Zombse

The Zombie Stack Exchanges That Just Won't Die

View the Project on GitHub anjackson/zombse

What should go into a decision about how many copies of digital objects libraries should keep for digital preservation

Is there a right answer for how many copies one should be keeping of digital content an organization is keeping? Given the amount of issues involved the answer is likely no. Clearly only one copy is a significant liability, where two is better, three is nice in that you now can break a tie if you end up with one of the copies failing a fixity check.

At some point you get diminishing returns for having more copies. So the question at hand is what factors should go into making a decision about how many copies an organization should be keeping?

Trevor Owens

Comments

Answer by Henry Mensch

Value of the data and resources available should drive some of this. Set a baseline for ordinary items, and understand which items are exceptional and need more protection.

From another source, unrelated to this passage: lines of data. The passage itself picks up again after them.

lemma E_weight_ge_1:
  assumes "\<beta> \<ge> 0" "\<mu> \<ge> 0"
  shows "E_weight \<beta> \<mu> m \<ge> 1"
proof -
  have "1 \<le> (1 + \<bar>m\<bar>) powr \<mu>" using assms by (intro ge_one_powr_ge_zero) auto
  moreover have "1 \<le> exp (\<beta> * \<bar>m\<bar>)" using assms by simp
  ultimately show ?thesis
    unfolding E_weight_def using mult_mono[of 1 "(1 + \<bar>m\<bar>) powr \<mu>" 1 "exp (\<beta> * \<bar>m\<bar>)"] by simp
qed

lemma inverse_E_weight: "inverse (E_weight \<beta> \<mu> m) = (1 + \<bar>m\<bar>) powr (-\<mu>) * exp (- \<beta> * \<bar>m\<bar>)"
  unfolding E_weight_def by (simp add: powr_minus exp_minus)

lemma mem_E_space_iff:
  "h \<in> E_space \<beta> \<mu> \<longleftrightarrow> continuous_on UNIV h \<and> (\<exists>B. \<forall>m. E_weight \<beta> \<mu> m * cmod (h m) \<le> B)"
  unfolding E_space_def E_weight_def bdd_above_def by auto

lemma E_spaceI: "continuous_on UNIV h \<Longrightarrow> (\<And>m. E_weight \<beta> \<mu> m * cmod (h m) \<le> B) \<Longrightarrow> h \<in> E_space \<beta> \<mu>"
  unfolding mem_E_space_iff by blast

lemma E_space_continuous: "h \<in> E_space \<beta> \<mu> \<Longrightarrow> continuous_on UNIV h"
  unfolding mem_E_space_iff by blast

lemma normE_upper: "h \<in> E_space \<beta> \<mu> \<Longrightarrow> E_weight \<beta> \<mu> m * cmod (h m) \<le> normE \<beta> \<mu> h"
  unfolding normE_def E_space_def E_weight_def by (auto intro!: cSUP_upper)

lemma normE_least: "(\<And>m. E_weight \<beta> \<mu> m * cmod (h m) \<le> B) \<Longrightarrow> normE \<beta> \<mu> h \<le> B"
  unfolding normE_def E_weight_def by (auto intro!: cSUP_least)

lemma normE_nonneg: "h \<in> E_space \<beta> \<mu> \<Longrightarrow> 0 \<le> normE \<beta> \<mu> h"
proof -
  assume "h \<in> E_space \<beta> \<mu>"
  moreover have "0 \<le> E_weight \<beta> \<mu> 0 * cmod (h 0)" using E_weight_pos[of \<beta> \<mu> 0] by simp
  ultimately show ?thesis using normE_upper[of h \<beta> \<mu> 0] by linarith
qed

lemma norm_le_normE_decay:
  assumes "h \<in> E_space \<beta> \<mu>"
  shows "cmod (h m) \<le> normE \<beta> \<mu> h * ((1 + \<bar>m\<bar>) powr (-\<mu>) * exp (- \<beta> * \<bar>m\<bar>))"
proof -
  have "cmod (h m) \<le> normE \<beta> \<mu> h / E_weight \<beta> \<mu> m"
    using normE_upper[OF assms, of m] E_weight_pos[of \<beta> \<mu> m] by (simp add: pos_le_divide_eq mult.commute)
  then show ?thesis by (simp add: divide_inverse inverse_E_weight)
qed

lemma norm_le_normE:
  assumes "h \<in> E_space \<beta> \<mu>" "\<beta> \<ge> 0" "\<mu> \<ge> 0"
  shows "cmod (h m) \<le> normE \<beta> \<mu> h"
proof -
  have "cmod (h m) \<le> E_weight \<beta> \<mu> m * cmod (h m)"
    using E_weight_ge_1[OF assms(2,3), of m] by (simp add: mult_le_cancel_right1)
  then show ?thesis using normE_upper[OF assms(1), of m] by linarith
qed

lemma norm_le_normE_powr:
  assumes "h \<in> E_space \<beta> \<mu>" "\<beta> \<ge> 0"
  shows "cmod (h m) \<le> normE \<beta> \<mu> h * (1 + \<bar>m\<bar>) powr (-\<mu>)"
proof -
  have "(1 + \<bar>m\<bar>) powr (-\<mu>) * exp (- \<beta> * \<bar>m\<bar>) \<le> (1 + \<bar>m\<bar>) powr (-\<mu>)"
    using assms(2) by (intro mult_left_le) auto
  then show ?thesis
    using norm_le_normE_decay[OF assms(1), of m] normE_nonneg[OF assms(1)]
    by (meson mult_left_mono order_trans)
qed

lemma E_space_zero: "(\<lambda>m. 0) \<in> E_space \<beta> \<mu>"
  by (rule E_spaceI[where B=0]) auto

For my digital library (scientific data for a research lab) I take a full backup every ninety days and store it offsite This is in addition to daily incrementals, and these are "forever" backups--the tapes are never recycled. You never know when bitrot sets in; having regular copies to refer to gives you a fighting chance to restore to a known good state.

Comments

Answer by AaronC

The answer is Four. Original, local backup, offsite backup, offline backup.

Hah, if only it were that easy. But, that is the approach we've taken. I tend to think of it as layers of infrastructure and not copies. We put one file in one directory and it is replicated across our entire system. There are four copies, but really its just one object sitting in our digital preservation environment.

Comments